Some of the more exotic ETF strategies may be difficult to defend as being in a client's best interest.

Exchange-traded funds will likely benefit in a big way from the Labor Department’s fiduciary rule, but not all ETF products will reap the rewards.
The fiduciary regulation, which raises investment advice standards for retirement accounts, will likely lead advisers to steer clear of recommending more exotic types of ETFs unless advisers have a strong case for doing so with particular clients, according to participants Tuesday on an InvestmentNews webcast.
“ETFs are absolutely going to be a big winner here,” Dave Nadig, director of ETFs at FactSet Research Systems, said during the presentation, titled “How the DOL fiduciary rule could reshape the ETF game.”
Advisers acting as fiduciaries, a label carrying an obligation to serve a client’s best interest, is “a big win for products that are clean, simple, low-cost and not full of surprises,” which fits the definition of ETFs closely, Mr. Nadig said.
However, the fiduciary rule, released in early April, makes it difficult for advisers to put clients in funds such as coal ETFs and South Korean small-cap ETFs, because the majority of ETF portfolios “don’t need to be terribly fancy,” said John Waggoner, senior columnist at InvestmentNews.
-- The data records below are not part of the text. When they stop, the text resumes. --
(* Let $C$ and $C'$ be configurations of 2REG, let $v\in C$, and let $t\ge 0$ be an integer with $\mathrm{d}_C((0,0),v)\le t$. Then $C\equiv'_{t,v}C'$ if and only if both of the following hold: (1) $C'$ is a consistent extension of the subset $M(v,t,C)$ of $C$; and (2) $M(v,t,C')\setminus M(v,t,C)=\emptyset$.
   Context: Positions are elements of $\mathbb{Z}^2$. Put $\epsilon_0=(1,0)$, $\epsilon_1=(0,1)$, $\epsilon_2=(-1,0)$, $\epsilon_3=(0,-1)$. Two positions $p,p'$ are adjacent if $p'-p\in\{\epsilon_0,\epsilon_1,\epsilon_2,\epsilon_3\}$. A path is a nonempty sequence of positions in which consecutive positions are adjacent; a set of positions $C$ is connected if any two of its elements are joined by a path inside $C$. A configuration of 2REG is a finite connected set $C\subseteq\mathbb{Z}^2$ containing the origin $(0,0)$ (the position of the general). For $p,p'\in C$, $\mathrm{d}_C(p,p')$ is the number of steps of a shortest path from $p$ to $p'$ inside $C$. For $p\in C$, the boundary condition $\mathrm{bc}_C(p)=(b_0,b_1,b_2,b_3)\in\{0,1\}^4$ has $b_i=1$ iff $p+\epsilon_i\in C$. Available information: for a configuration $C$, $v\in C$ and time $t\ge0$, $\mathrm{ai}(v,t,C)$ is the symbol $\mathrm{Q}$ if $\mathrm{d}_C((0,0),v)>t$, and otherwise the triple $(t,v,X)$ where $X=\{(v',\mathrm{bc}_C(v')) : v'\in C,\ \mathrm{d}_C((0,0),v')+\mathrm{d}_C(v',v)\le t\}$. For configurations $C,C'$, $C\equiv'_{t,v}C'$ means $v\in C\cap C'$ and $\mathrm{ai}(v,t,C)=\mathrm{ai}(v,t,C')\ne\mathrm{Q}$. Define $M(v,t,C)=\{v'\in C : \mathrm{d}_C((0,0),v')+\mathrm{d}_C(v',v)\le t\}$. For a configuration $C$, a subset $M\subseteq C$ and a configuration $C'$, $C'$ is a consistent extension of $M$ (as a subset of $C$) if $M\subseteq C'$ and $\mathrm{bc}_C(w)=\mathrm{bc}_{C'}(w)$ for every $w\in M$. *)

theory Defs
  imports Main "HOL-Library.Product_Plus"
begin

type_synonym pos = "int \<times> int"

definition eps :: "nat \<Rightarrow> pos" where
  "eps i = (if i = 0 then (1,0) else if i = 1 then (0,1) else if i = 2 then (-1,0) else (0,-1))"

definition adjacent :: "pos \<Rightarrow> pos \<Rightarrow> bool" where
  "adjacent p p' \<longleftrightarrow> (\<exists>i<4. p' = p + eps i)"

definition is_path :: "pos list \<Rightarrow> bool" where
  "is_path ps \<longleftrightarrow> ps \<noteq> [] \<and> (\<forall>i. Suc i < length ps \<longrightarrow> adjacent (ps ! i) (ps ! Suc i))"

definition path_in :: "pos set \<Rightarrow> pos \<Rightarrow> pos \<Rightarrow> pos list \<Rightarrow> bool" where
  "path_in C p p' ps \<longleftrightarrow> is_path ps \<and> hd ps = p \<and> last ps = p' \<and> set ps \<subseteq> C"

definition connected_set :: "pos set \<Rightarrow> bool" where
  "connected_set C \<longleftrightarrow> (\<forall>p\<in>C. \<forall>p'\<in>C. \<exists>ps. path_in C p p' ps)"

definition configuration :: "pos set \<Rightarrow> bool" where
  "configuration C \<longleftrightarrow> finite C \<and> connected_set C \<and> (0,0) \<in> C"

definition dist_in :: "pos set \<Rightarrow> pos \<Rightarrow> pos \<Rightarrow> nat" where
  "dist_in C p p' = (LEAST n. \<exists>ps. path_in C p p' ps \<and> length ps = Suc n)"

definition bc :: "pos set \<Rightarrow> pos \<Rightarrow> bool \<times> bool \<times> bool \<times> bool" where
  "bc C p = (p + eps 0 \<in> C, p + eps 1 \<in> C, p + eps 2 \<in> C, p + eps 3 \<in> C)"

datatype ainfo = Q | Info nat pos "(pos \<times> (bool \<times> bool \<times> bool \<times> bool)) set"

definition ai :: "pos \<Rightarrow> nat \<Rightarrow> pos set \<Rightarrow> ainfo" where
  "ai v t C = (if dist_in C (0,0) v > t then Q
     else Info t v {(v', bc C v') | v'. v' \<in> C \<and> dist_in C (0,0) v' + dist_in C v' v \<le> t})"

definition equiv' :: "nat \<Rightarrow> pos \<Rightarrow> pos set \<Rightarrow> pos set \<Rightarrow> bool" where
  "equiv' t v C C' \<longleftrightarrow> v \<in> C \<and> v \<in> C' \<and> ai v t C = ai v t C' \<and> ai v t C \<noteq> Q"

definition Mset :: "pos \<Rightarrow> nat \<Rightarrow> pos set \<Rightarrow> pos set" where
  "Mset v t C = {v' \<in> C. dist_in C (0,0) v' + dist_in C v' v \<le> t}"

definition consistent_extension :: "pos set \<Rightarrow> pos set \<Rightarrow> pos set \<Rightarrow> bool" where
  "consistent_extension C M C' \<longleftrightarrow> M \<subseteq> C' \<and> (\<forall>w\<in>M. bc C w = bc C' w)"

end

theory Submission
  imports Defs
begin

text \<open>
  A position on a path from p to q splits it into two paths, so its distances to p and q sum to
  less than the length of the path; conversely, shortest paths from the origin to w and from w to v
  concatenate to a path through w. Hence M(v,t,C) is exactly the set of positions on paths of at
  most t steps from the origin to v inside C, and every such path lies entirely in M(v,t,C). If C'
  contains M(v,t,C), it contains these paths, so M(v,t,C) \<subseteq> M(v,t,C'); condition (2) then
  gives equality. Equality of the available information amounts to exactly this equality together
  with agreement of the boundary conditions on M(v,t,C).
\<close>

lemma is_path_iff_successively: "is_path ps \<longleftrightarrow> ps \<noteq> [] \<and> successively adjacent ps"
  by (simp add: is_path_def successively_conv_nth)

lemma path_in_append:
  assumes "path_in C p q ps" and "path_in C q r qs"
  shows "path_in C p r (ps @ tl qs)"
proof -
  from assms(2) obtain qs' where "qs = q # qs'"
    by (cases qs) (auto simp: path_in_def is_path_def)
  with assms show ?thesis
    by (cases qs') (auto simp: path_in_def is_path_iff_successively successively_append_iff)
qed

lemma path_in_split:
  assumes "path_in C p q (ys @ x # zs)"
  shows "path_in C p x (ys @ [x])" and "path_in C x q (x # zs)"
proof -
  have "hd (ys @ [x]) = hd (ys @ x # zs)"
    by (cases ys) simp_all
  with assms show "path_in C p x (ys @ [x])"
    by (auto simp: path_in_def is_path_iff_successively successively_append_iff)
  from assms show "path_in C x q (x # zs)"
    by (auto simp: path_in_def is_path_iff_successively successively_append_iff)
qed

lemma dist_in_less_length:
  assumes "path_in C p q ps"
  shows "dist_in C p q < length ps"
proof -
  from assms obtain n where "length ps = Suc n"
    by (cases ps) (auto simp: path_in_def is_path_def)
  with assms have "dist_in C p q \<le> n"
    unfolding dist_in_def by (blast intro: Least_le)
  with \<open>length ps = Suc n\<close> show ?thesis by simp
qed

lemma dist_in_self: "p \<in> C \<Longrightarrow> dist_in C p p = 0"
  using dist_in_less_length[of C p p "[p]"] by (simp add: path_in_def is_path_def)

lemma shortest_path_in:
  assumes "connected_set C" and "p \<in> C" and "q \<in> C"
  obtains ps where "path_in C p q ps" and "length ps = Suc (dist_in C p q)"
proof -
  from assms obtain ps where "path_in C p q ps"
    unfolding connected_set_def by blast
  moreover have "length ps = Suc (length ps - 1)"
    using \<open>path_in C p q ps\<close> by (simp add: path_in_def is_path_def)
  ultimately have "\<exists>n ps. path_in C p q ps \<and> length ps = Suc n"
    by blast
  from LeastI_ex[OF this] have "\<exists>ps. path_in C p q ps \<and> length ps = Suc (dist_in C p q)"
    unfolding dist_in_def .
  with that show ?thesis by blast
qed

lemma dist_in_through_path_vertex:
  assumes "path_in C p q ps" and "x \<in> set ps"
  shows "dist_in C p x + dist_in C x q < length ps"
proof -
  from \<open>x \<in> set ps\<close> obtain ys zs where ps: "ps = ys @ x # zs"
    by (meson split_list)
  have "dist_in C p x < Suc (length ys)"
    using dist_in_less_length[OF path_in_split(1)] assms(1) ps by fastforce
  moreover have "dist_in C x q < Suc (length zs)"
    using dist_in_less_length[OF path_in_split(2)] assms(1) ps by fastforce
  ultimately show ?thesis using ps by simp
qed

lemma in_Mset_if_on_short_path:
  assumes "path_in C (0,0) v ps" and "w \<in> set ps" and "length ps \<le> Suc t"
  shows "w \<in> Mset v t C"
  using dist_in_through_path_vertex[OF assms(1,2)] assms
  unfolding Mset_def path_in_def by auto

lemma Mset_iff_on_short_path:
  assumes "connected_set C" and "(0,0) \<in> C" and "v \<in> C"
  shows "w \<in> Mset v t C \<longleftrightarrow> (\<exists>ps. path_in C (0,0) v ps \<and> w \<in> set ps \<and> length ps \<le> Suc t)"
proof
  assume w: "w \<in> Mset v t C"
  then have "w \<in> C" by (simp add: Mset_def)
  obtain ps where ps: "path_in C (0,0) w ps" "length ps = Suc (dist_in C (0,0) w)"
    using shortest_path_in[OF assms(1,2) \<open>w \<in> C\<close>] .
  obtain qs where qs: "path_in C w v qs" "length qs = Suc (dist_in C w v)"
    using shortest_path_in[OF assms(1) \<open>w \<in> C\<close> assms(3)] .
  have "path_in C (0,0) v (ps @ tl qs)"
    using path_in_append[OF ps(1) qs(1)] .
  moreover have "w \<in> set (ps @ tl qs)"
    using ps(1) unfolding path_in_def is_path_def by auto
  moreover have "length (ps @ tl qs) \<le> Suc t"
    using w ps(2) qs(2) by (simp add: Mset_def)
  ultimately show "\<exists>ps. path_in C (0,0) v ps \<and> w \<in> set ps \<and> length ps \<le> Suc t"
    by blast
qed (blast intro: in_Mset_if_on_short_path)

lemma Mset_mono:
  assumes "connected_set C" and "(0,0) \<in> C" and "v \<in> C" and "Mset v t C \<subseteq> C'"
  shows "Mset v t C \<subseteq> Mset v t C'"
proof
  fix w assume "w \<in> Mset v t C"
  then obtain ps where ps: "path_in C (0,0) v ps" "w \<in> set ps" "length ps \<le> Suc t"
    using Mset_iff_on_short_path[OF assms(1-3)] by blast
  have "set ps \<subseteq> Mset v t C"
    using ps by (blast intro: in_Mset_if_on_short_path)
  with ps(1) assms(4) have "path_in C' (0,0) v ps"
    by (auto simp: path_in_def)
  then show "w \<in> Mset v t C'"
    using ps(2,3) by (rule in_Mset_if_on_short_path)
qed

lemma self_in_Mset_iff: "v \<in> Mset v t C \<longleftrightarrow> v \<in> C \<and> dist_in C (0,0) v \<le> t"
  by (auto simp: Mset_def dist_in_self)

lemma graph_image_eq_iff:
  "(\<lambda>x. (x, f x)) ` A = (\<lambda>x. (x, g x)) ` B \<longleftrightarrow> A = B \<and> (\<forall>x\<in>A. f x = g x)"
  by (auto simp: image_iff)

lemma ai_eq_Info:
  assumes "dist_in C (0,0) v \<le> t"
  shows "ai v t C = Info t v ((\<lambda>w. (w, bc C w)) ` Mset v t C)"
  using assms unfolding ai_def Mset_def by auto

lemma equiv'_iff_Mset:
  "equiv' t v C C' \<longleftrightarrow>
     v \<in> Mset v t C \<and> Mset v t C' = Mset v t C \<and> (\<forall>w\<in>Mset v t C. bc C w = bc C' w)"
  (is "_ \<longleftrightarrow> ?rhs")
proof
  assume "equiv' t v C C'"
  then have "v \<in> C" "v \<in> C'" and ai: "ai v t C = ai v t C'" "ai v t C \<noteq> Q"
    unfolding equiv'_def by blast+
  then have "dist_in C (0,0) v \<le> t" "dist_in C' (0,0) v \<le> t"
    by (auto simp: ai_def split: if_splits)
  with ai \<open>v \<in> C\<close> \<open>v \<in> C'\<close> show ?rhs
    by (auto simp: ai_eq_Info graph_image_eq_iff self_in_Mset_iff)
next
  assume ?rhs
  then have "v \<in> C" "v \<in> C'" "dist_in C (0,0) v \<le> t" "dist_in C' (0,0) v \<le> t"
    by (metis self_in_Mset_iff)+
  with \<open>?rhs\<close> show "equiv' t v C C'"
    by (auto simp: equiv'_def ai_eq_Info graph_image_eq_iff)
qed

theorem theorem1:
  assumes "configuration C" and "configuration C'"
    and "v \<in> C" and "dist_in C (0,0) v \<le> t"
  shows "equiv' t v C C' \<longleftrightarrow>
           (consistent_extension C (Mset v t C) C' \<and> Mset v t C' - Mset v t C = {})"
proof
  assume "equiv' t v C C'"
  then have "Mset v t C' = Mset v t C" "\<forall>w\<in>Mset v t C. bc C w = bc C' w"
    by (simp_all add: equiv'_iff_Mset)
  moreover have "Mset v t C' \<subseteq> C'"
    by (auto simp: Mset_def)
  ultimately show "consistent_extension C (Mset v t C) C' \<and> Mset v t C' - Mset v t C = {}"
    by (auto simp: consistent_extension_def)
next
  assume ext: "consistent_extension C (Mset v t C) C' \<and> Mset v t C' - Mset v t C = {}"
  have "Mset v t C \<subseteq> Mset v t C'"
    using assms(1,3) ext by (intro Mset_mono) (auto simp: configuration_def consistent_extension_def)
  with ext have "Mset v t C' = Mset v t C"
    by blast
  moreover have "v \<in> Mset v t C"
    using assms(3,4) by (simp add: self_in_Mset_iff)
  ultimately show "equiv' t v C C'"
    using ext by (simp add: equiv'_iff_Mset consistent_extension_def)
qed

end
Mr. Nadig, supporting that notion, said it will be tough to justify using triple-inverse 20-year Treasury funds, or short and levered ETFs, for example. These types of products will still exist, but won’t really be sold by advisers — rather, they’ll “continue to be the bailiwick” of day traders and hedge funds, Mr. Nadig said.
Advisers who use these sorts of funds in retirement accounts such as IRAs will have to be able to stand before a judge in court and articulate how such funds are in a client’s best interest, according to Mr. Nadig.
“That’s a tough argument to make,” he said.
Against the backdrop of the DOL’s fiduciary rule, passively managed funds have seen steady inflows as actively managed strategies have experienced outflows. In the past 12 months, for example, $287 billion has flowed out of actively managed funds, while passive funds such as ETFs have taken in $177 billion, according to Mr. Waggoner.
“The DOL rule will absolutely continue to accelerate that,” said Mr. Waggoner.
It’s not that active strategies are dead in the water, however — similar to more exotic types of ETFs, advisers will need to demonstrate a defensible due diligence process to a judge to show why a higher-priced fund was in a client’s best interest.